Andrew Hilts, Executive Director


Fitness tracking devices monitor heartbeats, measure steps, sleep, and tie into a larger ecosystem of goal setting, diet tracking, and other health activities. The researchers investigate the privacy and security properties of eight popular wearable fitness tracking systems. They use a variety of technical, policy, and legal methods to understand what data is being collected by fitness tracking devices and their associated mobile applications, what data is sent to remote servers, how the data is secured, with whom it may be shared, and how it might be used by companies.
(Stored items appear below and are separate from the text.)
(* Let $n\in\mathbb{N}$, $\boldsymbol{A}\in\mathbb{R}^{n\times n}$, $\boldsymbol{b}\in\mathbb{R}^n$ with $(\boldsymbol{A},\boldsymbol{b})$ controllable, and $g:\mathbb{R}^n\to\mathbb{R}$ with $g(\boldsymbol{0})\neq 0$. Let $\mathcal{X}=\bigcup_{i=1}^s\mathcal{X}_i\subset\mathbb{R}^n$ with $s\in\mathbb{N}$ and each $\mathcal{X}_i$ convex, such that for every $i$ either ($g(\boldsymbol{x})\ge 0$ for all $\boldsymbol{x}\in\mathcal{X}_i$ and $g$ is concave on $\mathcal{X}_i$) or ($g(\boldsymbol{x})\le 0$ for all $\boldsymbol{x}\in\mathcal{X}_i$ and $g$ is convex on $\mathcal{X}_i$); assume $\boldsymbol{0}\in\mathrm{int}(\mathcal{X}_1)$, and let $\mathcal{U}=[\underline{u},\overline{u}]$ with $\underline{u}<0<\overline{u}$. Let $\boldsymbol{c}\in\mathbb{R}^n$ satisfy $\boldsymbol{c}^\top\boldsymbol{A}^{i}\boldsymbol{b}=0$ for $i\in\{0,\dots,n-2\}$ and $\boldsymbol{c}^\top\boldsymbol{A}^{n-1}\boldsymbol{b}\neq0$, let $b_0\neq 0$, $a_0,\dots,a_{n-1}\in\mathbb{R}$, $\beta:=\boldsymbol{c}^\top\boldsymbol{A}^{n-1}\boldsymbol{b}$, $\boldsymbol{\alpha}^\top:=\boldsymbol{c}^\top(\boldsymbol{A}^n+\sum_{i=0}^{n-1}a_i\boldsymbol{A}^i)$. Let $\mathcal{X}^\circ:=\{\boldsymbol{x}\in\mathbb{R}^n\mid g(\boldsymbol{x})\neq0\}$, $\Psi(\boldsymbol{x},v):=\frac{b_0v-\boldsymbol{\alpha}^\top\boldsymbol{x}}{\beta g(\boldsymbol{x})}$ for $\boldsymbol{x}\in\mathcal{X}^\circ$, and $$\mathcal{Z}:=\Big\{(\boldsymbol{x},v)\in\mathbb{R}^{n+1}\,\Big|\,\boldsymbol{x}\in\mathcal{X}\cap\mathcal{X}^\circ,\ \Psi(\boldsymbol{x},v)\in\mathcal{U}\Big\}\cup\Big\{(\boldsymbol{x},v)\in\mathbb{R}^{n+1}\,\Big|\,\boldsymbol{x}\in\mathcal{X}\setminus\mathcal{X}^\circ,\ v=\tfrac{\boldsymbol{\alpha}^\top\boldsymbol{x}}{b_0}\Big\}.$$ For $i\in\{1,\dots,s\}$ define $\mathcal{U}_i(\boldsymbol{x}):=[\beta g(\boldsymbol{x})\underline{u},\beta g(\boldsymbol{x})\overline{u}]$ if $\beta g(\boldsymbol{x})\ge0$ for all $\boldsymbol{x}\in\mathcal{X}_i$, and $\mathcal{U}_i(\boldsymbol{x}):=[\beta g(\boldsymbol{x})\overline{u},\beta g(\boldsymbol{x})\underline{u}]$ otherwise, and $$\mathcal{Z}_i:=\Big\{(\boldsymbol{x},v)\in\mathbb{R}^{n+1}\,\Big|\,\boldsymbol{x}\in\mathcal{X}_i,\ b_0v-\boldsymbol{\alpha}^\top\boldsymbol{x}\in\mathcal{U}_i(\boldsymbol{x})\Big\}.$$ Then each $\mathcal{Z}_i$ is convex and $\mathcal{Z}=\bigcup_{i=1}^s\mathcal{Z}_i$.
   Context: This arises from the discrete-time system $\boldsymbol{x}(k+1)=\boldsymbol{A}\boldsymbol{x}(k)+g(\boldsymbol{x}(k))\boldsymbol{b}\,u(k)$ with constraints $\boldsymbol{x}\in\mathcal{X}$, $u\in\mathcal{U}$; $\Psi$ is the exactly linearizing feedback $u=\Psi(\boldsymbol{x},v)$ with artificial input $v$. *)

theory Defs
  imports "HOL-Analysis.Analysis"
begin

definition mat_pow :: "real^'n^'n \<Rightarrow> nat \<Rightarrow> real^'n^'n" where
  "mat_pow A k = (((**) A) ^^ k) (mat 1)"

definition controllable :: "real^'n^'n \<Rightarrow> real^'n \<Rightarrow> bool" where
  "controllable A b \<longleftrightarrow> span {mat_pow A k *v b | k. k < CARD('n)} = UNIV"

definition alpha_vec :: "real^'n^'n \<Rightarrow> real^'n \<Rightarrow> (nat \<Rightarrow> real) \<Rightarrow> real^'n" where
  "alpha_vec A c a = c v* (mat_pow A CARD('n) + (\<Sum>i<CARD('n). a i *\<^sub>R mat_pow A i))"

definition Psi :: "(real^'n \<Rightarrow> real) \<Rightarrow> real \<Rightarrow> real^'n \<Rightarrow> real \<Rightarrow> real^'n \<Rightarrow> real \<Rightarrow> real" where
  "Psi g \<beta> al b0 x v = (b0 * v - al \<bullet> x) / (\<beta> * g x)"

definition Xcirc :: "(real^'n \<Rightarrow> real) \<Rightarrow> (real^'n) set" where
  "Xcirc g = {x. g x \<noteq> 0}"

definition Zset :: "(real^'n) set \<Rightarrow> (real^'n \<Rightarrow> real) \<Rightarrow> real \<Rightarrow> real^'n \<Rightarrow> real
    \<Rightarrow> real set \<Rightarrow> ((real^'n) \<times> real) set" where
  "Zset X g \<beta> al b0 U =
     {(x, v). x \<in> X \<inter> Xcirc g \<and> Psi g \<beta> al b0 x v \<in> U}
     \<union> {(x, v). x \<in> X - Xcirc g \<and> v = (al \<bullet> x) / b0}"

definition Ui :: "(real^'n) set \<Rightarrow> (real^'n \<Rightarrow> real) \<Rightarrow> real \<Rightarrow> real \<Rightarrow> real \<Rightarrow> real^'n \<Rightarrow> real set" where
  "Ui Xi g \<beta> ul uu x =
     (if \<forall>y\<in>Xi. \<beta> * g y \<ge> 0 then {\<beta> * g x * ul .. \<beta> * g x * uu}
      else {\<beta> * g x * uu .. \<beta> * g x * ul})"

definition Zi :: "(real^'n) set \<Rightarrow> (real^'n \<Rightarrow> real) \<Rightarrow> real \<Rightarrow> real^'n \<Rightarrow> real
    \<Rightarrow> real \<Rightarrow> real \<Rightarrow> ((real^'n) \<times> real) set" where
  "Zi Xi g \<beta> al b0 ul uu = {(x, v). x \<in> Xi \<and> b0 * v - al \<bullet> x \<in> Ui Xi g \<beta> ul uu x}"

end

theory Submission
  imports Defs
begin

text \<open>Zi is the preimage of the region between the graphs of the bounds of Ui under the
  shear (x, v) \<mapsto> (x, b0 v - \<alpha> \<bullet> x); since \<beta> g has constant sign on each piece,
  one bound is convex and the other concave, so the region is convex.  Pointwise, for
  \<beta> g(x) \<noteq> 0 the constraint b0 v - \<alpha> \<bullet> x \<in> Ui(x) is the constraint \<Psi>(x, v) \<in> U multiplied
  by \<beta> g(x) (which flips the interval exactly when \<beta> g(x) < 0), while for g(x) = 0 it
  degenerates to b0 v = \<alpha> \<bullet> x.\<close>

definition sign_concave_on :: "'a::real_vector set \<Rightarrow> ('a \<Rightarrow> real) \<Rightarrow> bool" where
  "sign_concave_on S g \<longleftrightarrow>
     ((\<forall>x\<in>S. 0 \<le> g x) \<and> concave_on S g) \<or> ((\<forall>x\<in>S. g x \<le> 0) \<and> convex_on S g)"

lemma convex_on_cmul_nonpos:
  fixes c :: real
  assumes "c \<le> 0" and "concave_on S f"
  shows "convex_on S (\<lambda>x. c * f x)"
  using assms convex_on_cmul[of "- c" S "\<lambda>x. - f x"] by (simp add: concave_on_def)

lemma concave_on_cmul_nonpos:
  fixes c :: real
  assumes "c \<le> 0" and "convex_on S f"
  shows "concave_on S (\<lambda>x. c * f x)"
  using assms convex_on_cmul[of "- c" S f] by (simp add: concave_on_def)

lemma sign_concave_on_cmul:
  assumes "sign_concave_on S g"
  shows "sign_concave_on S (\<lambda>x. c * g x)"
proof (cases "0 \<le> c")
  case True
  with assms show ?thesis
    by (auto simp: sign_concave_on_def mult_nonneg_nonpos)
next
  case False
  with assms show ?thesis
    by (auto simp: sign_concave_on_def mult_nonpos_nonpos mult_nonpos_nonneg
        convex_on_cmul_nonpos concave_on_cmul_nonpos)
qed

lemma concave_on_if_sign_concave_on_nonneg:
  assumes "sign_concave_on S g" and "\<forall>x\<in>S. 0 \<le> g x"
  shows "concave_on S g"
proof (cases "concave_on S g")
  case False
  with assms have "convex_on S g" and "\<forall>x\<in>S. g x = 0"
    by (auto simp: sign_concave_on_def intro: order_antisym)
  then show ?thesis
    by (auto simp: concave_on_iff convex_on_def convex_def)
qed

lemma convex_between_graphs:
  assumes "convex_on S f" and "concave_on S h"
  shows "convex {(x, y). x \<in> S \<and> f x \<le> y \<and> y \<le> h x}"
proof -
  let ?flip = "\<lambda>z :: 'a \<times> real. (fst z, - snd z)"
  have "{(x, y). x \<in> S \<and> f x \<le> y \<and> y \<le> h x}
      = epigraph S f \<inter> ?flip -` epigraph S (\<lambda>x. - h x)"
    by (auto simp: epigraph_def)
  moreover have "linear ?flip"
    by (intro linearI) auto
  ultimately show ?thesis
    using assms by (simp add: convex_Int convex_epigraph convex_linear_vimage concave_on_def)
qed

lemma convex_Zi:
  assumes "sign_concave_on S (\<lambda>x. \<beta> * g x)" and "ul \<le> 0" and "0 \<le> uu"
  shows "convex (Zi S g \<beta> al b0 ul uu)"
proof -
  obtain lo hi where bounds: "convex_on S lo" "concave_on S hi"
    and Ui: "\<And>x. Ui S g \<beta> ul uu x = {lo x..hi x}"
  proof (cases "\<forall>x\<in>S. 0 \<le> \<beta> * g x")
    case True
    have "concave_on S (\<lambda>x. \<beta> * g x)"
      using assms(1) True by (rule concave_on_if_sign_concave_on_nonneg)
    then show ?thesis
      using that[of "\<lambda>x. ul * (\<beta> * g x)" "\<lambda>x. uu * (\<beta> * g x)"] True assms(2,3)
      by (simp add: Ui_def convex_on_cmul_nonpos concave_on_cmul mult.commute)
  next
    case False
    then have "convex_on S (\<lambda>x. \<beta> * g x)"
      using assms(1) by (auto simp: sign_concave_on_def)
    then show ?thesis
      using that[of "\<lambda>x. uu * (\<beta> * g x)" "\<lambda>x. ul * (\<beta> * g x)"] False assms(2,3)
      by (simp add: Ui_def concave_on_cmul_nonpos convex_on_cmul mult.commute)
  qed
  let ?shear = "\<lambda>z. (fst z, b0 * snd z - al \<bullet> fst z)"
  have "linear ?shear"
    by (intro linearI) (auto simp: algebra_simps inner_add_right)
  then have "convex (?shear -` {(x, y). x \<in> S \<and> lo x \<le> y \<and> y \<le> hi x})"
    using convex_between_graphs[OF bounds] by (rule convex_linear_vimage)
  moreover have "Zi S g \<beta> al b0 ul uu = ?shear -` {(x, y). x \<in> S \<and> lo x \<le> y \<and> y \<le> hi x}"
    by (auto simp: Zi_def Ui)
  ultimately show ?thesis
    by simp
qed

lemma mem_closed_segment_mult_iff:
  fixes c a b y :: real
  assumes "c \<noteq> 0"
  shows "y \<in> closed_segment (c * a) (c * b) \<longleftrightarrow> y / c \<in> closed_segment a b"
proof -
  have "closed_segment (c * a) (c * b) = (*) c ` closed_segment a b"
    by (intro closed_segment_linear_image linearI) (auto simp: algebra_simps)
  also have "y \<in> \<dots> \<longleftrightarrow> y / c \<in> closed_segment a b"
    using assms by (auto simp: image_iff intro!: bexI[where x = "y / c"])
  finally show ?thesis .
qed

lemma Ui_eq_closed_segment:
  assumes "x \<in> S" and "sign_concave_on S (\<lambda>x. \<beta> * g x)" and "ul \<le> uu"
  shows "Ui S g \<beta> ul uu x = closed_segment (\<beta> * g x * ul) (\<beta> * g x * uu)"
proof -
  consider "0 < \<beta> * g x" | "\<beta> * g x = 0" | "\<beta> * g x < 0"
    by linarith
  then show ?thesis
  proof cases
    case 1
    then have "\<forall>y\<in>S. 0 \<le> \<beta> * g y"
      using assms(1,2) by (auto simp: sign_concave_on_def)
    moreover have "\<beta> * g x * ul \<le> \<beta> * g x * uu"
      using 1 assms(3) by (simp add: mult_left_mono)
    ultimately show ?thesis
      by (simp add: Ui_def closed_segment_eq_real_ivl1)
  next
    case 3
    then have "\<not> (\<forall>y\<in>S. 0 \<le> \<beta> * g y)"
      using assms(1) by force
    then have "Ui S g \<beta> ul uu x = {\<beta> * g x * uu..\<beta> * g x * ul}"
      unfolding Ui_def by (rule if_not_P)
    moreover have "\<beta> * g x * uu \<le> \<beta> * g x * ul"
      using 3 assms(3) by (simp add: mult_left_mono_neg)
    ultimately show ?thesis
      by (simp add: closed_segment_commute[of "\<beta> * g x * ul"] closed_segment_eq_real_ivl1)
  qed (auto simp: Ui_def)
qed

lemma mem_Zi_iff:
  assumes "x \<in> S" and "sign_concave_on S (\<lambda>x. \<beta> * g x)"
    and "\<beta> \<noteq> 0" and "b0 \<noteq> 0" and "ul \<le> uu"
  shows "(x, v) \<in> Zi S g \<beta> al b0 ul uu \<longleftrightarrow>
    (if g x \<noteq> 0 then Psi g \<beta> al b0 x v \<in> {ul..uu} else v = al \<bullet> x / b0)"
proof (cases "g x = 0")
  case True
  with assms show ?thesis
    by (auto simp: Zi_def Ui_eq_closed_segment field_simps)
next
  case False
  then have "b0 * v - al \<bullet> x \<in> closed_segment (\<beta> * g x * ul) (\<beta> * g x * uu)
      \<longleftrightarrow> Psi g \<beta> al b0 x v \<in> {ul..uu}"
    using assms(3,5)
    by (simp add: Psi_def mem_closed_segment_mult_iff closed_segment_eq_real_ivl1)
  with False assms show ?thesis
    by (simp add: Zi_def Ui_eq_closed_segment)
qed

lemma mem_Zset_iff:
  "(x, v) \<in> Zset X g \<beta> al b0 U \<longleftrightarrow>
    x \<in> X \<and> (if g x \<noteq> 0 then Psi g \<beta> al b0 x v \<in> U else v = al \<bullet> x / b0)"
  by (auto simp: Zset_def Xcirc_def)

lemma Zset_UN_eq_UN_Zi:
  assumes "\<forall>i\<in>I. sign_concave_on (X i) (\<lambda>x. \<beta> * g x)"
    and "\<beta> \<noteq> 0" and "b0 \<noteq> 0" and "ul \<le> uu"
  shows "Zset (\<Union>i\<in>I. X i) g \<beta> al b0 {ul..uu} = (\<Union>i\<in>I. Zi (X i) g \<beta> al b0 ul uu)"
proof -
  have "(x, v) \<in> Zi (X i) g \<beta> al b0 ul uu \<longleftrightarrow> x \<in> X i \<and>
      (if g x \<noteq> 0 then Psi g \<beta> al b0 x v \<in> {ul..uu} else v = al \<bullet> x / b0)"
    if "i \<in> I" for i x v
  proof (cases "x \<in> X i")
    case True
    with mem_Zi_iff[OF True] assms that show ?thesis
      by simp
  qed (simp add: Zi_def)
  then show ?thesis
    by (auto simp: mem_Zset_iff)
qed

theorem theorem1:
  fixes A :: "real^'n^'n" and b c :: "real^'n" and g :: "real^'n \<Rightarrow> real"
    and Xs :: "nat \<Rightarrow> (real^'n) set" and s :: nat
    and ul uu b0 :: real and a :: "nat \<Rightarrow> real"
  assumes ctrl: "controllable A b"
    and g0: "g 0 \<noteq> 0"
    and s1: "1 \<le> s"
    and Xconv: "\<forall>i\<in>{1..s}. convex (Xs i)"
    and Xg: "\<forall>i\<in>{1..s}. ((\<forall>x\<in>Xs i. g x \<ge> 0) \<and> concave_on (Xs i) g)
                       \<or> ((\<forall>x\<in>Xs i. g x \<le> 0) \<and> convex_on (Xs i) g)"
    and X1: "0 \<in> interior (Xs 1)"
    and U: "ul < 0" "0 < uu"
    and c1: "\<forall>i < CARD('n) - 1. c \<bullet> (mat_pow A i *v b) = 0"
    and c2: "c \<bullet> (mat_pow A (CARD('n) - 1) *v b) \<noteq> 0"
    and b0: "b0 \<noteq> 0"
  shows "(\<forall>i\<in>{1..s}. convex (Zi (Xs i) g (c \<bullet> (mat_pow A (CARD('n) - 1) *v b))
                          (alpha_vec A c a) b0 ul uu))
    \<and> Zset (\<Union>i\<in>{1..s}. Xs i) g (c \<bullet> (mat_pow A (CARD('n) - 1) *v b)) (alpha_vec A c a) b0 {ul..uu}
      = (\<Union>i\<in>{1..s}. Zi (Xs i) g (c \<bullet> (mat_pow A (CARD('n) - 1) *v b)) (alpha_vec A c a) b0 ul uu)"
proof -
  \<comment> \<open>Controllability, g 0 \<noteq> 0, 0 \<in> interior (Xs 1) and the relative-degree conditions c1
    are what make \<Psi> an exact linearization; the set identity itself only needs \<beta> \<noteq> 0.
    Xconv is implied by Xg, as convex_on and concave_on include convexity of the domain.\<close>
  define \<beta> where "\<beta> = c \<bullet> (mat_pow A (CARD('n) - 1) *v b)"
  have "\<beta> \<noteq> 0"
    using c2 by (simp add: \<beta>_def)
  have pieces: "\<forall>i\<in>{1..s}. sign_concave_on (Xs i) (\<lambda>x. \<beta> * g x)"
    using Xg sign_concave_on_cmul unfolding sign_concave_on_def by blast
  have "\<forall>i\<in>{1..s}. convex (Zi (Xs i) g \<beta> (alpha_vec A c a) b0 ul uu)"
    using pieces U by (simp add: convex_Zi)
  moreover have "Zset (\<Union>i\<in>{1..s}. Xs i) g \<beta> (alpha_vec A c a) b0 {ul..uu}
      = (\<Union>i\<in>{1..s}. Zi (Xs i) g \<beta> (alpha_vec A c a) b0 ul uu)"
    using pieces \<open>\<beta> \<noteq> 0\<close> b0 U by (simp add: Zset_UN_eq_UN_Zi)
  ultimately show ?thesis
    unfolding \<beta>_def by blast
qed

end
The researchers are releasing the study background, the technical methodology, and their findings. Their key technical findings include:

  • Seven out of eight fitness tracking devices emit persistent unique identifiers (Bluetooth Media Access Control address) that can expose their wearers to long-term tracking of their location when the device is not paired, and connected to, a mobile device. Jawbone and Withings applications can be exploited to create fake fitness band records. Such fake records call into question the reliability of that fitness tracker data use in court cases and insurance programs.
  • The Garmin Connect applications (iPhone and Android) and Withings Health Mate (Android) application have security vulnerabilities that enable an unauthorized third-party to read, write, and delete user data.
  • Garmin Connect does not employ basic data transmission security practices for its iOS or Android applications and consequently exposes fitness information to surveillance or tampering.

The researchers sought contact with the seven fitness tracker companies whose products exhibited security vulnerabilities; Apple was not contacted because researchers found no technical vulnerabilities in the Apple Watch using their methodology. Fitbit, Intel (Basis), and Mio responded and engaged the researchers in a dialogue. Fitbit further expressed interest in exploring the topic of implementing Bluetooth privacy features in its communications with the researchers.

Overall, the research found that fitness data can provide detailed insights into people's lives. It is used in an increasing number of areas, such as insurance, corporate wellness and courts of law. The project indicates that consumers should be better informed about fitness tracking systems' privacy and security practices to help them determine whether or not they are comfortable with how their fitness data is being used.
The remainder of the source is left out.